SUPPLIED RECORDS =
definition pre_dual_pre_Poisson ::
  "('k::field \<Rightarrow> 'a::ab_group_add \<Rightarrow> 'a) \<Rightarrow> ('a \<Rightarrow> 'a \<Rightarrow> 'a) \<Rightarrow> ('a \<Rightarrow> 'a \<Rightarrow> 'a)
     \<Rightarrow> ('a \<Rightarrow> 'a \<Rightarrow> 'a) \<Rightarrow> ('a \<Rightarrow> 'a \<Rightarrow> 'a) \<Rightarrow> bool" where
  "pre_dual_pre_Poisson s rh lh su pr \<longleftrightarrow>
     bilinear_op s rh \<and> bilinear_op s lh \<and> bilinear_op s su \<and> bilinear_op s pr \<and>
     (\<forall>x y z.
        lh x (lh y z + rh y z) = lh (lh x y) z \<and>
        lh (lh x y) z = lh (rh y x) z \<and>
        lh (rh y x) z = rh y (lh x z) \<and>
        rh x (rh y z) = rh (lh x y + rh x y) z \<and>
        rh (lh x y + rh x y) z = rh (lh y x + rh y x) z \<and>
        su (pr x y + su x y) z = su x (su y z) - su y (su x z) \<and>
        pr (su x y) z = - pr (pr y x) z \<and>
        pr x (pr y z + su y z) = pr (pr x y) z + su y (pr x z) \<and>
        pr x (rh y z + lh y z) = lh (pr x y) z + rh y (pr x z) \<and>
        su x (lh y z) = lh (su x y) z + lh y (su x z + pr x z) \<and>
        su x (rh y z) = rh (su x y + pr x y) z + rh y (su x z) \<and>
        pr (lh x y) z = lh x (su y z + pr y z) + rh y (pr x z) \<and>
        su (rh x y + lh x y) z = rh x (su y z) + rh y (su x z) \<and>
        pr (rh x y - lh y x) z = 0 \<and>
        lh (su x y + pr y x) z = 0 \<and>
        rh (su x y + pr x y + su y x + pr y x) z = 0)"

definition dual_pre_Poisson ::
  "('k::field \<Rightarrow> 'a::ab_group_add \<Rightarrow> 'a) \<Rightarrow> ('a \<Rightarrow> 'a \<Rightarrow> 'a) \<Rightarrow> ('a \<Rightarrow> 'a \<Rightarrow> 'a) \<Rightarrow> bool" where
  "dual_pre_Poisson s c b \<longleftrightarrow>
     bilinear_op s c \<and> bilinear_op s b \<and>
     (\<forall>x y z.
        c x (c y z) = c (c x y) z \<and>
        c (c x y) z = c (c y x) z \<and>
        b x (b y z) = b (b x y) z + b y (b x z) \<and>
        b x (c y z) = c (b x y) z + c y (b x z) \<and>
        b (c x y) z = c x (b y z) + c y (b x z) \<and>
        c (b x y) z = - c (b y x) z)"

definition lin_to_End ::
  "('k::field \<Rightarrow> 'a::ab_group_add \<Rightarrow> 'a) \<Rightarrow> ('k \<Rightarrow> 'v::ab_group_add \<Rightarrow> 'v) \<Rightarrow> ('a \<Rightarrow> 'v \<Rightarrow> 'v) \<Rightarrow> bool" where
  "lin_to_End sA sV l \<longleftrightarrow> (\<forall>x. Vector_Spaces.linear sV sV (l x)) \<and>
     (\<forall>a x y v. l (sA a x + y) v = sV a (l x v) + l y v)"

definition dual_pre_Poisson_rep ::
  "('k::field \<Rightarrow> 'a::ab_group_add \<Rightarrow> 'a) \<Rightarrow> ('a \<Rightarrow> 'a \<Rightarrow> 'a) \<Rightarrow> ('a \<Rightarrow> 'a \<Rightarrow> 'a) \<Rightarrow>
   ('k \<Rightarrow> 'v::ab_group_add \<Rightarrow> 'v) \<Rightarrow> ('a \<Rightarrow> 'v \<Rightarrow> 'v) \<Rightarrow> ('a \<Rightarrow> 'v \<Rightarrow> 'v) \<Rightarrow>
   ('a \<Rightarrow> 'v \<Rightarrow> 'v) \<Rightarrow> ('a \<Rightarrow> 'v \<Rightarrow> 'v) \<Rightarrow> bool" where
  "dual_pre_Poisson_rep sA c b sV lc rc lb rb \<longleftrightarrow>
     vector_space sV \<and>
     lin_to_End sA sV lc \<and> lin_to_End sA sV rc \<and> lin_to_End sA sV lb \<and> lin_to_End sA sV rb \<and>
     (\<forall>x y.
        rc x \<circ> rc y = rc (c y x) \<and>
        rc (c y x) = lc y \<circ> rc x \<and>
        lc y \<circ> rc x = rc x \<circ> lc y \<and>
        lc (c x y) = lc x \<circ> lc y \<and>
        lc x \<circ> lc y = lc y \<circ> lc x \<and>
        lb (b x y) = (\<lambda>v. (lb x \<circ> lb y) v - (lb y \<circ> lb x) v) \<and>
        rb (b x y) = (\<lambda>v. (rb y \<circ> rb x) v + (lb x \<circ> rb y) v) \<and>
        rb x \<circ> rb y = (\<lambda>v. - (rb x \<circ> lb y) v) \<and>
        rb (c x y) = (\<lambda>v. (rc y \<circ> rb x) v + (lc x \<circ> rb y) v) \<and>
        lb x \<circ> rc y = (\<lambda>v. (rc y \<circ> lb x) v + rc (b x y) v) \<and>
        lb x \<circ> lc y = (\<lambda>v. lc (b x y) v + (lc y \<circ> lb x) v) \<and>
        rb x \<circ> rc y = (\<lambda>v. rc (b y x) v + (lc y \<circ> rb x) v) \<and>
        lb (c x y) = (\<lambda>v. (lc x \<circ> lb y) v + (lc y \<circ> lb x) v) \<and>
        rb x \<circ> (\<lambda>v. lc y v - rc y v) = (\<lambda>v. 0) \<and>
        rc x \<circ> (\<lambda>v. lb y v + rb y v) = (\<lambda>v. 0) \<and>
        lc (b x y + b y x) = (\<lambda>v. 0))"

definition pre_Poisson ::
  "('k::field \<Rightarrow> 'a::ab_group_add \<Rightarrow> 'a) \<Rightarrow> ('a \<Rightarrow> 'a \<Rightarrow> 'a) \<Rightarrow> ('a \<Rightarrow> 'a \<Rightarrow> 'a) \<Rightarrow> bool" where
  "pre_Poisson s d od \<longleftrightarrow>
     bilinear_op s d \<and> bilinear_op s od \<and>
     (\<forall>x y z.
        d x (d y z) - d (d x y) z = d y (d x z) - d (d y x) z \<and>
        od x (od y z) = od (od x y + od y x) z \<and>
        od (d x y - d y x) z = d x (od y z) - od y (d x z) \<and>
        d (od x y + od y x) z = od x (d y z) + od y (d x z))"

definition Poisson ::
  "('k::field \<Rightarrow> 'a::ab_group_add \<Rightarrow> 'a) \<Rightarrow> ('a \<Rightarrow> 'a \<Rightarrow> 'a) \<Rightarrow> ('a \<Rightarrow> 'a \<Rightarrow> 'a) \<Rightarrow> bool" where
  "Poisson s m br \<longleftrightarrow>
     bilinear_op s m \<and> bilinear_op s br \<and>
     (\<forall>x y z.
        m x y = m y x \<and>
        m (m x y) z = m x (m y z) \<and>
        br x x = 0 \<and>
        br x (br y z) + br y (br z x) + br z (br x y) = 0 \<and>
        br x (m y z) = m (br x y) z + m y (br x z))"

end

theory Submission
  imports Defs
begin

INSTRUCTIONS FOR THE TASK = Extract every record. Keep wording exact.

EXERCISE OUTPUT =
definition pre_dual_pre_Poisson ::
  "('k::field \<Rightarrow> 'a::ab_group_add \<Rightarrow> 'a) \<Rightarrow> ('a \<Rightarrow> 'a \<Rightarrow> 'a) \<Rightarrow> ('a \<Rightarrow> 'a \<Rightarrow> 'a)
     \<Rightarrow> ('a \<Rightarrow> 'a \<Rightarrow> 'a) \<Rightarrow> ('a \<Rightarrow> 'a \<Rightarrow> 'a) \<Rightarrow> bool" where
  "pre_dual_pre_Poisson s rh lh su pr \<longleftrightarrow>
     bilinear_op s rh \<and> bilinear_op s lh \<and> bilinear_op s su \<and> bilinear_op s pr \<and>
     (\<forall>x y z.
        lh x (lh y z + rh y z) = lh (lh x y) z \<and>
        lh (lh x y) z = lh (rh y x) z \<and>
        lh (rh y x) z = rh y (lh x z) \<and>
        rh x (rh y z) = rh (lh x y + rh x y) z \<and>
        rh (lh x y + rh x y) z = rh (lh y x + rh y x) z \<and>
        su (pr x y + su x y) z = su x (su y z) - su y (su x z) \<and>
        pr (su x y) z = - pr (pr y x) z \<and>
        pr x (pr y z + su y z) = pr (pr x y) z + su y (pr x z) \<and>
        pr x (rh y z + lh y z) = lh (pr x y) z + rh y (pr x z) \<and>
        su x (lh y z) = lh (su x y) z + lh y (su x z + pr x z) \<and>
        su x (rh y z) = rh (su x y + pr x y) z + rh y (su x z) \<and>
        pr (lh x y) z = lh x (su y z + pr y z) + rh y (pr x z) \<and>
        su (rh x y + lh x y) z = rh x (su y z) + rh y (su x z) \<and>
        pr (rh x y - lh y x) z = 0 \<and>
        lh (su x y + pr y x) z = 0 \<and>
        rh (su x y + pr x y + su y x + pr y x) z = 0)"

definition dual_pre_Poisson ::
  "('k::field \<Rightarrow> 'a::ab_group_add \<Rightarrow> 'a) \<Rightarrow> ('a \<Rightarrow> 'a \<Rightarrow> 'a) \<Rightarrow> ('a \<Rightarrow> 'a \<Rightarrow> 'a) \<Rightarrow> bool" where
  "dual_pre_Poisson s c b \<longleftrightarrow>
     bilinear_op s c \<and> bilinear_op s b \<and>
     (\<forall>x y z.
        c x (c y z) = c (c x y) z \<and>
        c (c x y) z = c (c y x) z \<and>
        b x (b y z) = b (b x y) z + b y (b x z) \<and>
        b x (c y z) = c (b x y) z + c y (b x z) \<and>
        b (c x y) z = c x (b y z) + c y (b x z) \<and>
        c (b x y) z = - c (b y x) z)"

definition lin_to_End ::
  "('k::field \<Rightarrow> 'a::ab_group_add \<Rightarrow> 'a) \<Rightarrow> ('k \<Rightarrow> 'v::ab_group_add \<Rightarrow> 'v) \<Rightarrow> ('a \<Rightarrow> 'v \<Rightarrow> 'v) \<Rightarrow> bool" where
  "lin_to_End sA sV l \<longleftrightarrow> (\<forall>x. Vector_Spaces.linear sV sV (l x)) \<and>
     (\<forall>a x y v. l (sA a x + y) v = sV a (l x v) + l y v)"

definition dual_pre_Poisson_rep ::
  "('k::field \<Rightarrow> 'a::ab_group_add \<Rightarrow> 'a) \<Rightarrow> ('a \<Rightarrow> 'a \<Rightarrow> 'a) \<Rightarrow> ('a \<Rightarrow> 'a \<Rightarrow> 'a) \<Rightarrow>
   ('k \<Rightarrow> 'v::ab_group_add \<Rightarrow> 'v) \<Rightarrow> ('a \<Rightarrow> 'v \<Rightarrow> 'v) \<Rightarrow> ('a \<Rightarrow> 'v \<Rightarrow> 'v) \<Rightarrow>
   ('a \<Rightarrow> 'v \<Rightarrow> 'v) \<Rightarrow> ('a \<Rightarrow> 'v \<Rightarrow> 'v) \<Rightarrow> bool" where
  "dual_pre_Poisson_rep sA c b sV lc rc lb rb \<longleftrightarrow>
     vector_space sV \<and>
     lin_to_End sA sV lc \<and> lin_to_End sA sV rc \<and> lin_to_End sA sV lb \<and> lin_to_End sA sV rb \<and>
     (\<forall>x y.
        rc x \<circ> rc y = rc (c y x) \<and>
        rc (c y x) = lc y \<circ> rc x \<and>
        lc y \<circ> rc x = rc x \<circ> lc y \<and>
        lc (c x y) = lc x \<circ> lc y \<and>
        lc x \<circ> lc y = lc y \<circ> lc x \<and>
        lb (b x y) = (\<lambda>v. (lb x \<circ> lb y) v - (lb y \<circ> lb x) v) \<and>
        rb (b x y) = (\<lambda>v. (rb y \<circ> rb x) v + (lb x \<circ> rb y) v) \<and>
        rb x \<circ> rb y = (\<lambda>v. - (rb x \<circ> lb y) v) \<and>
        rb (c x y) = (\<lambda>v. (rc y \<circ> rb x) v + (lc x \<circ> rb y) v) \<and>
        lb x \<circ> rc y = (\<lambda>v. (rc y \<circ> lb x) v + rc (b x y) v) \<and>
        lb x \<circ> lc y = (\<lambda>v. lc (b x y) v + (lc y \<circ> lb x) v) \<and>
        rb x \<circ> rc y = (\<lambda>v. rc (b y x) v + (lc y \<circ> rb x) v) \<and>
        lb (c x y) = (\<lambda>v. (lc x \<circ> lb y) v + (lc y \<circ> lb x) v) \<and>
        rb x \<circ> (\<lambda>v. lc y v - rc y v) = (\<lambda>v. 0) \<and>
        rc x \<circ> (\<lambda>v. lb y v + rb y v) = (\<lambda>v. 0) \<and>
        lc (b x y + b y x) = (\<lambda>v. 0))"

definition pre_Poisson ::
  "('k::field \<Rightarrow> 'a::ab_group_add \<Rightarrow> 'a) \<Rightarrow> ('a \<Rightarrow> 'a \<Rightarrow> 'a) \<Rightarrow> ('a \<Rightarrow> 'a \<Rightarrow> 'a) \<Rightarrow> bool" where
  "pre_Poisson s d od \<longleftrightarrow>
     bilinear_op s d \<and> bilinear_op s od \<and>
     (\<forall>x y z.
        d x (d y z) - d (d x y) z = d y (d x z) - d (d y x) z \<and>
        od x (od y z) = od (od x y + od y x) z \<and>
        od (d x y - d y x) z = d x (od y z) - od y (d x z) \<and>
        d (od x y + od y x) z = od x (d y z) + od y (d x z))"

definition Poisson ::
  "('k::field \<Rightarrow> 'a::ab_group_add \<Rightarrow> 'a) \<Rightarrow> ('a \<Rightarrow> 'a \<Rightarrow> 'a) \<Rightarrow> ('a \<Rightarrow> 'a \<Rightarrow> 'a) \<Rightarrow> bool" where
  "Poisson s m br \<longleftrightarrow>
     bilinear_op s m \<and> bilinear_op s br \<and>
     (\<forall>x y z.
        m x y = m y x \<and>
        m (m x y) z = m x (m y z) \<and>
        br x x = 0 \<and>
        br x (br y z) + br y (br z x) + br z (br x y) = 0 \<and>
        br x (m y z) = m (br x y) z + m y (br x z))"

end

theory Submission
  imports Defs
begin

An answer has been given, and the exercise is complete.